The records below must be returned in full and unaltered.

*** SUPPLIED RECORDS

theorem lemma1:
  fixes J :: "'j set"
    and X :: "'j \<Rightarrow> 'p topology"
    and dim :: "'j \<Rightarrow> nat"
    and atlas :: "'j \<Rightarrow> ('p set \<times> ('p \<Rightarrow> coord)) set"
    and T :: "'p set"
    and A :: "'p \<Rightarrow> (real \<Rightarrow> 'p) set"
    and P :: "'z::euclidean_space measure"
    and Z :: "'z set"
    and Q :: "'p \<Rightarrow> 'z \<Rightarrow> real"
  assumes
    \<comment> \<open>Assumption Absolute Continuity\<close>
    P_prob: "prob_space P"
    and P_borel: "sets P = sets borel"
    and P_ac: "absolutely_continuous lborel P"
    and Z_meas: "Z \<in> sets borel"
    and Z_full: "measure P Z = 1"
    \<comment> \<open>Assumption Manifold\<close>
    and J_countable: "countable J"
    and T_union: "T = (\<Union>j\<in>J. topspace (X j))"
    and T_disjoint: "disjoint_family_on (\<lambda>j. topspace (X j)) J"
    and T_manifold: "\<And>j. j \<in> J \<Longrightarrow> manifold_with_corners (X j) (dim j) (atlas j)"
    and A_tangent: "\<And>j t. j \<in> J \<Longrightarrow> t \<in> topspace (X j) \<Longrightarrow> A t \<subseteq> tangent_cone_curves (atlas j) t"
    \<comment> \<open>Assumption Continuous Differentiability\<close>
    and Q_cont: "\<And>j. j \<in> J \<Longrightarrow>
       continuous_map (prod_topology (X j) (top_of_set Z)) euclideanreal (\<lambda>(t, z). Q t z)"
    and Q_diff_z: "\<And>j. j \<in> J \<Longrightarrow> \<exists>DZ :: 'p \<Rightarrow> 'z \<Rightarrow> 'z.
       (\<forall>t\<in>topspace (X j). \<forall>z\<in>Z. ((\<lambda>z'. Q t z') has_derivative (\<lambda>h. DZ t z \<bullet> h)) (at z)) \<and>
       continuous_map (prod_topology (X j) (top_of_set Z)) euclidean (\<lambda>(t, z). DZ t z)"
    and Q_diff_t: "\<And>j U \<phi> v. j \<in> J \<Longrightarrow> (U, \<phi>) \<in> atlas j \<Longrightarrow> \<exists>D :: 'p \<Rightarrow> 'z \<Rightarrow> real.
       (\<forall>t\<in>U. \<forall>z\<in>Z. v \<in> coord_vels U \<phi> t (A t) \<longrightarrow> dir_deriv U \<phi> (\<lambda>t'. Q t' z) t v (D t z)) \<and>
       continuous_map
         (subtopology (prod_topology (X j) (top_of_set Z))
            {(t, z). t \<in> U \<and> z \<in> Z \<and> v \<in> coord_vels U \<phi> t (A t)})
         euclideanreal (\<lambda>(t, z). D t z)"
    \<comment> \<open>Assumption Generic\<close>
    and generic: "\<And>t s z. t \<in> T \<Longrightarrow> s \<in> T \<Longrightarrow> z \<in> Z \<Longrightarrow> t \<noteq> s \<Longrightarrow>
       Q t z - Q s z \<noteq> 0
       \<or> (\<exists>j\<in>J. t \<in> topspace (X j) \<and> (\<exists>(U, \<phi>)\<in>atlas j. t \<in> U \<and>
            (\<exists>v\<in>coord_vels U \<phi> t (A t). \<exists>D<0. dir_deriv U \<phi> (\<lambda>t'. Q t' z - Q s z) t v D)))
       \<or> (\<exists>j\<in>J. s \<in> topspace (X j) \<and> (\<exists>(U, \<phi>)\<in>atlas j. s \<in> U \<and>
            (\<exists>v\<in>coord_vels U \<phi> s (A s). \<exists>D>0. dir_deriv U \<phi> (\<lambda>s'. Q t z - Q s' z) s v D)))
       \<or> frechet_derivative (\<lambda>z'. Q t z' - Q s z') (at z) \<noteq> (\<lambda>h. 0)"
  shows "AE z in P. \<forall>t\<in>T. \<forall>s\<in>T.
           (\<forall>u\<in>T. Q t z \<le> Q u z) \<and> (\<forall>u\<in>T. Q s z \<le> Q u z) \<longrightarrow> t = s"
proof -
  obtain G where G: "\<And>t z. t \<in> T \<Longrightarrow> z \<in> Z \<Longrightarrow> (Q t has_derivative (\<lambda>h. G t z \<bullet> h)) (at z)"
  proof -
    have "\<forall>t\<in>T. \<forall>z\<in>Z. \<exists>g. (Q t has_derivative (\<lambda>h. g \<bullet> h)) (at z)"
      using Q_diff_z T_union by fast
    then show ?thesis
      using that by metis
  qed
  show ?thesis
  proof (rule AE_unique_arg_min_if_gradients_differ[OF P_borel P_ac prob_space.AE_prob_1[OF P_prob Z_full] G])
    fix z t s assume z: "z \<in> Z" and "is_arg_min (\<lambda>u. Q u z) (\<lambda>u. u \<in> T) t"
      and "is_arg_min (\<lambda>u. Q u z) (\<lambda>u. u \<in> T) s" and "t \<noteq> s"
    then have "t \<in> T" "s \<in> T" and t_min: "\<And>u. u \<in> T \<Longrightarrow> Q t z \<le> Q u z"
      and s_min: "\<And>u. u \<in> T \<Longrightarrow> Q s z \<le> Q u z"
      by (auto simp: is_arg_min_linorder)
    show "G t z \<noteq> G s z"
    proof
      assume "G t z = G s z"
      then have "((\<lambda>z'. Q t z' - Q s z') has_derivative (\<lambda>h. 0)) (at z)"
        using has_derivative_diff[OF G[OF \<open>t \<in> T\<close> z] G[OF \<open>s \<in> T\<close> z]] by simp
      then have "frechet_derivative (\<lambda>z'. Q t z' - Q s z') (at z) = (\<lambda>h. 0)"
        by (rule frechet_derivative_at[symmetric])
      moreover have "Q t z - Q s z = 0"
        using t_min[OF \<open>s \<in> T\<close>] s_min[OF \<open>t \<in> T\<close>] by simp
      moreover have "0 \<le> D" if "j \<in> J" "(U, \<phi>) \<in> atlas j" "t \<in> U" "v \<in> coord_vels U \<phi> t (A t)"
        "dir_deriv U \<phi> (\<lambda>t'. Q t' z - Q s z) t v D" for j U \<phi> v D
        using dir_deriv_nonneg_at_min_on_manifold[OF T_manifold that(2-5)] t_min T_union that(1) by auto
      moreover have "D \<le> 0" if "j \<in> J" "(U, \<phi>) \<in> atlas j" "s \<in> U" "v \<in> coord_vels U \<phi> s (A s)"
        "dir_deriv U \<phi> (\<lambda>s'. Q t z - Q s' z) s v D" for j U \<phi> v D
        using dir_deriv_nonpos_at_max_on_manifold[OF T_manifold that(2-5)] s_min T_union that(1) by auto
      ultimately show False
        using generic[OF \<open>t \<in> T\<close> \<open>s \<in> T\<close> z \<open>t \<noteq> s\<close>] by (simp add: Bex_def case_prod_beta) (meson not_le)
    qed
  qed
qed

******

▶ [WRITTEN RESPONSE]:
theorem lemma1:
  fixes J :: "'j set"
    and X :: "'j \<Rightarrow> 'p topology"
    and dim :: "'j \<Rightarrow> nat"
    and atlas :: "'j \<Rightarrow> ('p set \<times> ('p \<Rightarrow> coord)) set"
    and T :: "'p set"
    and A :: "'p \<Rightarrow> (real \<Rightarrow> 'p) set"
    and P :: "'z::euclidean_space measure"
    and Z :: "'z set"
    and Q :: "'p \<Rightarrow> 'z \<Rightarrow> real"
  assumes
    \<comment> \<open>Assumption Absolute Continuity\<close>
    P_prob: "prob_space P"
    and P_borel: "sets P = sets borel"
    and P_ac: "absolutely_continuous lborel P"
    and Z_meas: "Z \<in> sets borel"
    and Z_full: "measure P Z = 1"
    \<comment> \<open>Assumption Manifold\<close>
    and J_countable: "countable J"
    and T_union: "T = (\<Union>j\<in>J. topspace (X j))"
    and T_disjoint: "disjoint_family_on (\<lambda>j. topspace (X j)) J"
    and T_manifold: "\<And>j. j \<in> J \<Longrightarrow> manifold_with_corners (X j) (dim j) (atlas j)"
    and A_tangent: "\<And>j t. j \<in> J \<Longrightarrow> t \<in> topspace (X j) \<Longrightarrow> A t \<subseteq> tangent_cone_curves (atlas j) t"
    \<comment> \<open>Assumption Continuous Differentiability\<close>
    and Q_cont: "\<And>j. j \<in> J \<Longrightarrow>
       continuous_map (prod_topology (X j) (top_of_set Z)) euclideanreal (\<lambda>(t, z). Q t z)"
    and Q_diff_z: "\<And>j. j \<in> J \<Longrightarrow> \<exists>DZ :: 'p \<Rightarrow> 'z \<Rightarrow> 'z.
       (\<forall>t\<in>topspace (X j). \<forall>z\<in>Z. ((\<lambda>z'. Q t z') has_derivative (\<lambda>h. DZ t z \<bullet> h)) (at z)) \<and>
       continuous_map (prod_topology (X j) (top_of_set Z)) euclidean (\<lambda>(t, z). DZ t z)"
    and Q_diff_t: "\<And>j U \<phi> v. j \<in> J \<Longrightarrow> (U, \<phi>) \<in> atlas j \<Longrightarrow> \<exists>D :: 'p \<Rightarrow> 'z \<Rightarrow> real.
       (\<forall>t\<in>U. \<forall>z\<in>Z. v \<in> coord_vels U \<phi> t (A t) \<longrightarrow> dir_deriv U \<phi> (\<lambda>t'. Q t' z) t v (D t z)) \<and>
       continuous_map
         (subtopology (prod_topology (X j) (top_of_set Z))
            {(t, z). t \<in> U \<and> z \<in> Z \<and> v \<in> coord_vels U \<phi> t (A t)})
         euclideanreal (\<lambda>(t, z). D t z)"
    \<comment> \<open>Assumption Generic\<close>
    and generic: "\<And>t s z. t \<in> T \<Longrightarrow> s \<in> T \<Longrightarrow> z \<in> Z \<Longrightarrow> t \<noteq> s \<Longrightarrow>
       Q t z - Q s z \<noteq> 0
       \<or> (\<exists>j\<in>J. t \<in> topspace (X j) \<and> (\<exists>(U, \<phi>)\<in>atlas j. t \<in> U \<and>
            (\<exists>v\<in>coord_vels U \<phi> t (A t). \<exists>D<0. dir_deriv U \<phi> (\<lambda>t'. Q t' z - Q s z) t v D)))
       \<or> (\<exists>j\<in>J. s \<in> topspace (X j) \<and> (\<exists>(U, \<phi>)\<in>atlas j. s \<in> U \<and>
            (\<exists>v\<in>coord_vels U \<phi> s (A s). \<exists>D>0. dir_deriv U \<phi> (\<lambda>s'. Q t z - Q s' z) s v D)))
       \<or> frechet_derivative (\<lambda>z'. Q t z' - Q s z') (at z) \<noteq> (\<lambda>h. 0)"
  shows "AE z in P. \<forall>t\<in>T. \<forall>s\<in>T.
           (\<forall>u\<in>T. Q t z \<le> Q u z) \<and> (\<forall>u\<in>T. Q s z \<le> Q u z) \<longrightarrow> t = s"
proof -
  obtain G where G: "\<And>t z. t \<in> T \<Longrightarrow> z \<in> Z \<Longrightarrow> (Q t has_derivative (\<lambda>h. G t z \<bullet> h)) (at z)"
  proof -
    have "\<forall>t\<in>T. \<forall>z\<in>Z. \<exists>g. (Q t has_derivative (\<lambda>h. g \<bullet> h)) (at z)"
      using Q_diff_z T_union by fast
    then show ?thesis
      using that by metis
  qed
  show ?thesis
  proof (rule AE_unique_arg_min_if_gradients_differ[OF P_borel P_ac prob_space.AE_prob_1[OF P_prob Z_full] G])
    fix z t s assume z: "z \<in> Z" and "is_arg_min (\<lambda>u. Q u z) (\<lambda>u. u \<in> T) t"
      and "is_arg_min (\<lambda>u. Q u z) (\<lambda>u. u \<in> T) s" and "t \<noteq> s"
    then have "t \<in> T" "s \<in> T" and t_min: "\<And>u. u \<in> T \<Longrightarrow> Q t z \<le> Q u z"
      and s_min: "\<And>u. u \<in> T \<Longrightarrow> Q s z \<le> Q u z"
      by (auto simp: is_arg_min_linorder)
    show "G t z \<noteq> G s z"
    proof
      assume "G t z = G s z"
      then have "((\<lambda>z'. Q t z' - Q s z') has_derivative (\<lambda>h. 0)) (at z)"
        using has_derivative_diff[OF G[OF \<open>t \<in> T\<close> z] G[OF \<open>s \<in> T\<close> z]] by simp
      then have "frechet_derivative (\<lambda>z'. Q t z' - Q s z') (at z) = (\<lambda>h. 0)"
        by (rule frechet_derivative_at[symmetric])
      moreover have "Q t z - Q s z = 0"
        using t_min[OF \<open>s \<in> T\<close>] s_min[OF \<open>t \<in> T\<close>] by simp
      moreover have "0 \<le> D" if "j \<in> J" "(U, \<phi>) \<in> atlas j" "t \<in> U" "v \<in> coord_vels U \<phi> t (A t)"
        "dir_deriv U \<phi> (\<lambda>t'. Q t' z - Q s z) t v D" for j U \<phi> v D
        using dir_deriv_nonneg_at_min_on_manifold[OF T_manifold that(2-5)] t_min T_union that(1) by auto
      moreover have "D \<le> 0" if "j \<in> J" "(U, \<phi>) \<in> atlas j" "s \<in> U" "v \<in> coord_vels U \<phi> s (A s)"
        "dir_deriv U \<phi> (\<lambda>s'. Q t z - Q s' z) s v D" for j U \<phi> v D
        using dir_deriv_nonpos_at_max_on_manifold[OF T_manifold that(2-5)] s_min T_union that(1) by auto
      ultimately show False
        using generic[OF \<open>t \<in> T\<close> \<open>s \<in> T\<close> z \<open>t \<noteq> s\<close>] by (simp add: Bex_def case_prod_beta) (meson not_le)
    qed
  qed
qed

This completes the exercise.